Unbabel says the new TowerLLM AI model beats OpenAI's GPT-4 in translation.

WhatsApp Group Join Now
Telegram Group Join Now
Instagram Group Join Now

Unbabel, a tech company that provides both machine and human-based translation services for businesses, has created a new AI model that predicts the difference between English and six commonly spoken European and Asian languages. Beats OpenAI's GPT-4o and other commercially available AI systems at translation. .

Translation has been one of the more attractive business use cases for large language models (LLMs), the kind of AI systems that underpin chatbots like OpenAI's ChatGPT, Google's Gemini, and Anthropic's Claude. And to date, GPT-4o, the latest version of OpenAI's most powerful AI model, has outperformed all competitors when it comes to translating languages ​​with large amounts of digital text. (GPT-4's performance on “low-resource languages”, which have little digital documentation for training, has never been very good.)

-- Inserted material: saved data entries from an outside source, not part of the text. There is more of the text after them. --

text \<open>By Pearson's equation the weight \<open>\<omega>(x) = f(x+1) \<rho>(x+1)\<close> equals \<open>(f + g)(x) \<rho>(x)\<close>,
  so summation by parts turns the skew product into \<open>\<langle>\<phi>, \<psi>\<rangle> = \<Sum>\<^sub>x \<phi>(x) (A\<^sub>l \<psi>)(x) \<rho>(x)\<close>,
  where \<open>A\<^sub>l\<close> raises degrees by at most one. Hence in the basis \<open>p\<^sub>n\<close> the skew form is
  tridiagonal with \<open>\<langle>p\<^sub>n, p\<^sub>n\<^sub>+\<^sub>1\<rangle> = c\<^sub>n\<close>; in particular it vanishes between polynomials of
  equal parity, and the coefficients of \<open>Q\<^sub>2\<^sub>n\<close> make its pairings with \<open>p\<^sub>2\<^sub>m\<^sub>+\<^sub>1\<close>, \<open>m < n\<close>,
  telescope to zero. They are well defined because \<open>c\<^sub>2\<^sub>m \<noteq> 0\<close>: otherwise \<open>Q\<^sub>2\<^sub>m\<close> would lie in
  the radical of the skew form and the Pfaffian \<open>\<tau>\<^sub>2\<^sub>m\<^sub>+\<^sub>2\<close> would vanish.
  The finite moments make all sums absolutely convergent.\<close>

definition poly_linear :: "(real poly \<Rightarrow> real) \<Rightarrow> bool" where
  "poly_linear L \<longleftrightarrow> (\<forall>a b. L (a + b) = L a + L b) \<and> (\<forall>c a. L (smult c a) = c * L a)"

lemma poly_linear_sum:
  assumes "poly_linear L" "finite I"
  shows "L (\<Sum>i\<in>I. smult (a i) (u i)) = (\<Sum>i\<in>I. a i * L (u i))"
  using assms(2)
proof (induction I rule: finite_induct)
  case empty
  have "L (smult 0 0) = 0 * L 0" using assms(1) unfolding poly_linear_def by blast
  then show ?case by simp
next
  case (insert j I)
  then show ?case using assms(1) unfolding poly_linear_def by simp
qed

lemma poly_linear_sum_fun:
  "finite S \<Longrightarrow> (\<And>s. s \<in> S \<Longrightarrow> poly_linear (L s)) \<Longrightarrow> poly_linear (\<lambda>w. \<Sum>s\<in>S. L s w)"
  unfolding poly_linear_def by (simp add: sum.distrib sum_distrib_left)

lemma poly_linear_cmult: "poly_linear L \<Longrightarrow> poly_linear (\<lambda>w. c * L w)"
  unfolding poly_linear_def by (simp add: algebra_simps)

lemma poly_linear_mult_const: "poly_linear L \<Longrightarrow> poly_linear (\<lambda>w. L w * c)"
  unfolding poly_linear_def by (simp add: algebra_simps)

lemma poly_linear_cong: "poly_linear L \<Longrightarrow> (\<And>w. L' w = L w) \<Longrightarrow> poly_linear L'"
  unfolding poly_linear_def by simp

lemma poly_linear_eq_0_on_degree_le:
  assumes L: "poly_linear L"
    and b: "\<And>n. degree (b n) = n" "\<And>n. lead_coeff (b n) = 1"
    and zero: "\<And>j. j \<le> D \<Longrightarrow> L (b j) = 0"
    and q: "degree q \<le> D"
  shows "L q = 0"
  using zero q
proof (induction D arbitrary: q)
  case 0
  have "b 0 = 1" using b[of 0] by (metis degree_0_id one_pCons)
  moreover have "q = [:coeff q 0:]" using 0 by (simp add: degree_0_id)
  ultimately have "q = smult (coeff q 0) (b 0)" by simp
  then show ?case using L 0 unfolding poly_linear_def by (metis mult_zero_right order_refl)
next
  case (Suc D)
  define r where "r = q - smult (coeff q (Suc D)) (b (Suc D))"
  have "degree r \<le> D"
  proof (rule degree_le, intro allI impI)
    fix i assume "D < i"
    then consider "i = Suc D" | "Suc D < i" by linarith
    then show "coeff r i = 0"
      by cases (use Suc.prems b[of "Suc D"] in \<open>auto simp: r_def coeff_eq_0\<close>)
  qed
  then have "L r = 0" using Suc by simp
  moreover have "q = r + smult (coeff q (Suc D)) (b (Suc D))" unfolding r_def by simp
  then have "L q = L r + coeff q (Suc D) * L (b (Suc D))"
    using L unfolding poly_linear_def by metis
  ultimately show ?case using Suc.prems by simp
qed

definition pf_sum :: "(real poly \<Rightarrow> real poly \<Rightarrow> real) \<Rightarrow> nat \<Rightarrow> (nat \<Rightarrow> real poly) \<Rightarrow> real" where
  "pf_sum B N v =
     (\<Sum>\<sigma> | \<sigma> permutes {0..<2*N}. of_int (sign \<sigma>) * (\<Prod>i<N. B (v (\<sigma> (2*i))) (v (\<sigma> (2*i+1)))))"

lemma pfaffian_Gram: "pfaffian N (\<lambda>i j. B (v i) (v j)) = pf_sum B N v / (2 ^ N * fact N)"
  unfolding pfaffian_def pf_sum_def ..

lemma pf_sum_eq_0_if_repeated:
  assumes kl: "k \<noteq> l" "k < 2*N" "l < 2*N" and eq: "v k = v l"
  shows "pf_sum B N v = 0"
proof -
  define S where "S = {\<sigma>. \<sigma> permutes {0..<2*N}}"
  define \<tau> where "\<tau> = Transposition.transpose k l"
  define F where "F = (\<lambda>\<sigma>. of_int (sign \<sigma>) * (\<Prod>i<N. B (v (\<sigma> (2*i))) (v (\<sigma> (2*i+1)))))"
  have \<tau>: "\<tau> permutes {0..<2*N}" unfolding \<tau>_def using kl by (intro permutes_swap_id) auto
  have v_\<tau>: "v (\<tau> x) = v x" for x unfolding \<tau>_def using eq
    by (cases "x = k"; cases "x = l") auto
  have F_\<tau>: "F (\<tau> \<circ> \<sigma>) = - F \<sigma>" if "\<sigma> \<in> S" for \<sigma>
  proof -
    have "permutation \<sigma>" using that unfolding S_def by (auto intro: permutes_imp_permutation)
    then have "sign (\<tau> \<circ> \<sigma>) = sign \<tau> * sign \<sigma>"
      by (intro sign_compose) (auto simp: \<tau>_def permutation_swap_id)
    also have "sign \<tau> = -1" unfolding \<tau>_def using kl by (simp add: sign_swap_id)
    finally have "sign (\<tau> \<circ> \<sigma>) = - sign \<sigma>" by (simp add: comp_def)
    then show ?thesis unfolding F_def by (simp add: v_\<tau>)
  qed
  have \<tau>_invol: "\<tau> \<circ> (\<tau> \<circ> \<sigma>) = \<sigma>" "\<tau> \<circ> \<tau> = id" for \<sigma> by (simp_all add: \<tau>_def fun_eq_iff)
  have "sum F S = sum (\<lambda>\<sigma>. F (\<tau> \<circ> \<sigma>)) S"
    by (rule sum.reindex_bij_witness[where i="\<lambda>\<sigma>. \<tau> \<circ> \<sigma>" and j="\<lambda>\<sigma>. \<tau> \<circ> \<sigma>"])
       (use \<tau> in \<open>auto simp: S_def \<tau>_invol intro: permutes_compose\<close>)
  also have "\<dots> = - sum F S" using F_\<tau> by (simp add: sum_negf)
  finally show ?thesis unfolding pf_sum_def S_def F_def by simp
qed
(* For any $t>0$ there exists $L>0$, depending only on $\xi$ and $t$, such that for any $N$, \[ \mathbb P\Big\{\forall\sigma,\pi\in\overline M_N:\ \frac1N|H_N(\sigma)-H_N(\pi)|\le L\max_{s\in\mathscr S}\sqrt{R_s(\sigma-\pi,\sigma-\pi)}\Big\}>1-e^{-tN}. \]
   Context: Fix a finite set $\mathscr S$ of species. For each $N\ge1$, $\{1,\dots,N\}=\bigcup_{s\in\mathscr S}I_s$ with disjoint $I_s$, $N_s=|I_s|$, $N_s/N\to\lambda_s\in(0,1)$. $R_s(\sigma,\sigma')=N_s^{-1}\sum_{i\in I_s}\sigma_i\sigma'_i$ for $\sigma,\sigma'\in\mathbb R^N$. $\overline M_N=\{\sigma\in\mathbb R^N:\sum_{i\in I_s}\sigma_i^2\le N_s\ \forall s\in\mathscr S\}$. $P=\{p\in\mathbb Z_{\ge0}^{\mathscr S}:|p|\ge1\}$. The mixture is $\xi(x)=\sum_{p\in P}\Delta_p^2\prod_sx(s)^{p(s)}$, $\Delta_p\ge0$, $\xi(1+\epsilon)<\infty$ for some $\epsilon>0$. $H_N(\sigma)=\sqrt N\sum_{k\ge1}\sum_{i_1,\dots,i_k=1}^N\Delta_{i_1,\dots,i_k}J_{i_1,\dots,i_k}\sigma_{i_1}\cdots\sigma_{i_k}$ for $\sigma\in\mathbb R^N$, with $J$ i.i.d. standard Gaussian and $\Delta_{i_1,\dots,i_k}^2=\Delta_p^2\frac{\prod_sp(s)!}{k!}\prod_sN_s^{-p(s)}$ when $\#\{j\le k:i_j\in I_s\}=p(s)$ for all $s$. *)

theory Defs
  imports "HOL-Probability.Probability"
begin

definition gauss_space :: "(nat list \<Rightarrow> real) measure" where
  "gauss_space = (\<Pi>\<^sub>M is\<in>(UNIV :: nat list set). density lborel std_normal_density)"

text \<open>Species partition: I N s is the set I_s at size N.\<close>
definition Nsp :: "(nat \<Rightarrow> 's \<Rightarrow> nat set) \<Rightarrow> nat \<Rightarrow> 's \<Rightarrow> nat" where
  "Nsp I N s = card (I N s)"

definition species_count :: "(nat \<Rightarrow> 's \<Rightarrow> nat set) \<Rightarrow> nat \<Rightarrow> nat list \<Rightarrow> 's \<Rightarrow> nat" where
  "species_count I N is s = card {j. j < length is \<and> is ! j \<in> I N s}"

definition Delta_idx :: "(('s::finite \<Rightarrow> nat) \<Rightarrow> real) \<Rightarrow> (nat \<Rightarrow> 's \<Rightarrow> nat set) \<Rightarrow> nat \<Rightarrow> nat list \<Rightarrow> real" where
  "Delta_idx Delta I N is =
     (let p = species_count I N is in
      sqrt ((Delta p)\<^sup>2 * (\<Prod>s\<in>UNIV. fact (p s)) / fact (length is)
            * (\<Prod>s\<in>UNIV. inverse (real (Nsp I N s)) ^ p s)))"

definition HN :: "(('s::finite \<Rightarrow> nat) \<Rightarrow> real) \<Rightarrow> (nat \<Rightarrow> 's \<Rightarrow> nat set) \<Rightarrow> nat
                  \<Rightarrow> (nat list \<Rightarrow> real) \<Rightarrow> (nat \<Rightarrow> real) \<Rightarrow> real" where
  "HN Delta I N J \<sigma> = sqrt (real N) *
     (\<Sum>k. \<Sum>is\<in>{is. length is = Suc k \<and> set is \<subseteq> {1..N}}.
            Delta_idx Delta I N is * J is * (\<Prod>j<length is. \<sigma> (is ! j)))"

definition Rs :: "(nat \<Rightarrow> 's \<Rightarrow> nat set) \<Rightarrow> nat \<Rightarrow> 's \<Rightarrow> (nat \<Rightarrow> real) \<Rightarrow> (nat \<Rightarrow> real) \<Rightarrow> real" where
  "Rs I N s \<sigma> \<sigma>' = (\<Sum>i\<in>I N s. \<sigma> i * \<sigma>' i) / real (Nsp I N s)"

definition Mbar :: "(nat \<Rightarrow> 's \<Rightarrow> nat set) \<Rightarrow> nat \<Rightarrow> (nat \<Rightarrow> real) set" where
  "Mbar I N = {\<sigma>. \<forall>s. (\<Sum>i\<in>I N s. (\<sigma> i)\<^sup>2) \<le> real (Nsp I N s)}"

definition Pset :: "('s::finite \<Rightarrow> nat) set" where
  "Pset = {p. (\<Sum>s\<in>UNIV. p s) \<ge> 1}"

definition xi :: "(('s::finite \<Rightarrow> nat) \<Rightarrow> real) \<Rightarrow> ('s \<Rightarrow> real) \<Rightarrow> real" where
  "xi Delta x = (\<Sum>\<^sub>\<infinity>p\<in>Pset. (Delta p)\<^sup>2 * (\<Prod>s\<in>UNIV. x s ^ p s))"

end

theory Submission
  imports Defs "HOL-Combinatorics.Multiset_Permutations"
begin

text \<open>
  Write \<open>H\<^sub>N(\<sigma>) = \<surd>N \<Sum>\<^sub>k F\<^sub>k(\<sigma>, \<dots>, \<sigma>)\<close>, where \<open>F\<^sub>k\<close> is the \<open>k\<close>-linear form with
  Gaussian coefficients \<open>\<Delta>\<^sub>i J\<^sub>i\<close>. Changing one slot at a time gives
  \<open>|F\<^sub>k(\<sigma>, \<dots>, \<sigma>) - F\<^sub>k(\<pi>, \<dots>, \<pi>)| \<le> k r M\<^sub>k\<close>, where \<open>r = max\<^sub>s \<surd>R\<^sub>s(\<sigma> - \<pi>, \<sigma> - \<pi>)\<close> and
  \<open>M\<^sub>k\<close> is the supremum of \<open>|F\<^sub>k|\<close> over \<open>Mbar\<^sup>k\<close>; so it suffices that \<open>M\<^sub>k \<le> 2 \<surd>N \<alpha>\<^sub>k\<close>
  with \<open>\<Sum>\<^sub>k k \<alpha>\<^sub>k < \<infinity>\<close>. The same telescoping shows that \<open>M\<^sub>k\<close> is at most twice the maximum of
  \<open>|F\<^sub>k|\<close> over a lattice net of mesh \<open>1/(2k)\<close>, which has at most \<open>exp(4kN)\<close> points. At a
  fixed point of the net \<open>F\<^sub>k\<close> is a centred Gaussian of variance at most
  \<open>(\<xi>(1+\<epsilon>) + 1) (1+\<epsilon>)^(-k)\<close> (group the index tuples by their species), so for
  \<open>\<alpha>\<^sub>k \<approx> k (1+\<epsilon>)^(-k/2)\<close> the union bound over the net costs \<open>2 exp(-tN) exp(-3k)\<close>,
  which sums over \<open>k\<close> to less than \<open>exp(-tN)\<close>.
\<close>

section \<open>Gaussian linear forms\<close>

lemma prob_space_std_normal: "prob_space std_normal_distribution"
  by (rule prob_space_normal_density) simp

lemma product_prob_space_std_normal: "product_prob_space (\<lambda>_::nat list. std_normal_distribution)"
  by (rule product_prob_spaceI) (rule prob_space_std_normal)

lemma prob_space_gauss_space: "prob_space gauss_space"
  unfolding gauss_space_def by (rule prob_space_PiM) (rule prob_space_std_normal)

lemma sets_gauss_space: "sets gauss_space = sets (\<Pi>\<^sub>M i\<in>UNIV. (borel :: real measure))"
  unfolding gauss_space_def by (rule sets_PiM_cong) auto

lemma measurable_gauss_coordinate [measurable]: "(\<lambda>J. J i) \<in> borel_measurable gauss_space"
  unfolding measurable_cong_sets[OF sets_gauss_space refl]
  by (rule measurable_component_singleton) simp
theorem potentially_nilpotent_bit_parities:
  assumes "potentially_nilpotent TYPE(bit) n P"
  shows "even (num_loops n P)" and "even ((num_loops n P choose 2) + num_2cycles n P)"
proof -
  obtain k where nil: "zero_on {..<n} (mpow {..<n} (pattern_matrix P) k)"
    using potentially_nilpotent_bit[OF assms] by blast
  have "(of_nat (num_loops n P) :: bit) = 0"
    using nilpotent_trace_bit[OF _ nil] by (simp add: mtr_pattern_matrix)
  then show "even (num_loops n P)" by (simp add: of_nat_bit)
  have "(of_nat ((num_loops n P choose 2) + num_2cycles n P) :: bit) = 0"
    using nilpotent_compound2_trace_bit[OF _ nil] by (simp add: mtr_compound2_pattern_matrix)
  then show "even ((num_loops n P choose 2) + num_2cycles n P)" by (simp add: of_nat_bit)
qed

text \<open>Case (a) violates the first parity condition; in case (b) the second sum is
  (2 choose 2) + 2 = 3.\<close>
theorem lemma5p2:
  fixes n :: nat and P :: "nat \<Rightarrow> nat \<Rightarrow> bool"
  assumes "irreducible_pattern n P"
  shows "(odd (num_loops n P) \<longrightarrow> \<not> potentially_nilpotent TYPE(bit) n P)
       \<and> (num_loops n P = 2 \<and> num_2cycles n P = 2 \<longrightarrow> \<not> potentially_nilpotent TYPE(bit) n P)"
proof (intro conjI impI notI)
  assume "odd (num_loops n P)" and "potentially_nilpotent TYPE(bit) n P"
  then show False using potentially_nilpotent_bit_parities(1) by blast
next
  assume "num_loops n P = 2 \<and> num_2cycles n P = 2" and "potentially_nilpotent TYPE(bit) n P"
  then show False using potentially_nilpotent_bit_parities(2)[of n P] by simp
qed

Unbabel tested its AI model, which it calls TowerLLM, against GPT-4o and the original GPT-4, as well as OpenAI's GPT-3.5 and competing models from Google and language translation company DeepL. He saw translations from English to Spanish, French, German, Portuguese, Italian and Korean. In almost every case, TowerLLM narrowly outperforms GPT-4o and GPT-4. TowerLLM's highest accuracy came in English-Korean translation, where it beat OpenAI's best models by about 1.5%. On the English-German translation, the GPT-4 and GPT-4o were a fraction of a percentage point better.

Unbabel also tested its model on translating documents for specific professional domains such as finance, medicine, law, and technical writing. Here again, TowerLLM outperformed OpenAI's best models by between 1% and 2%.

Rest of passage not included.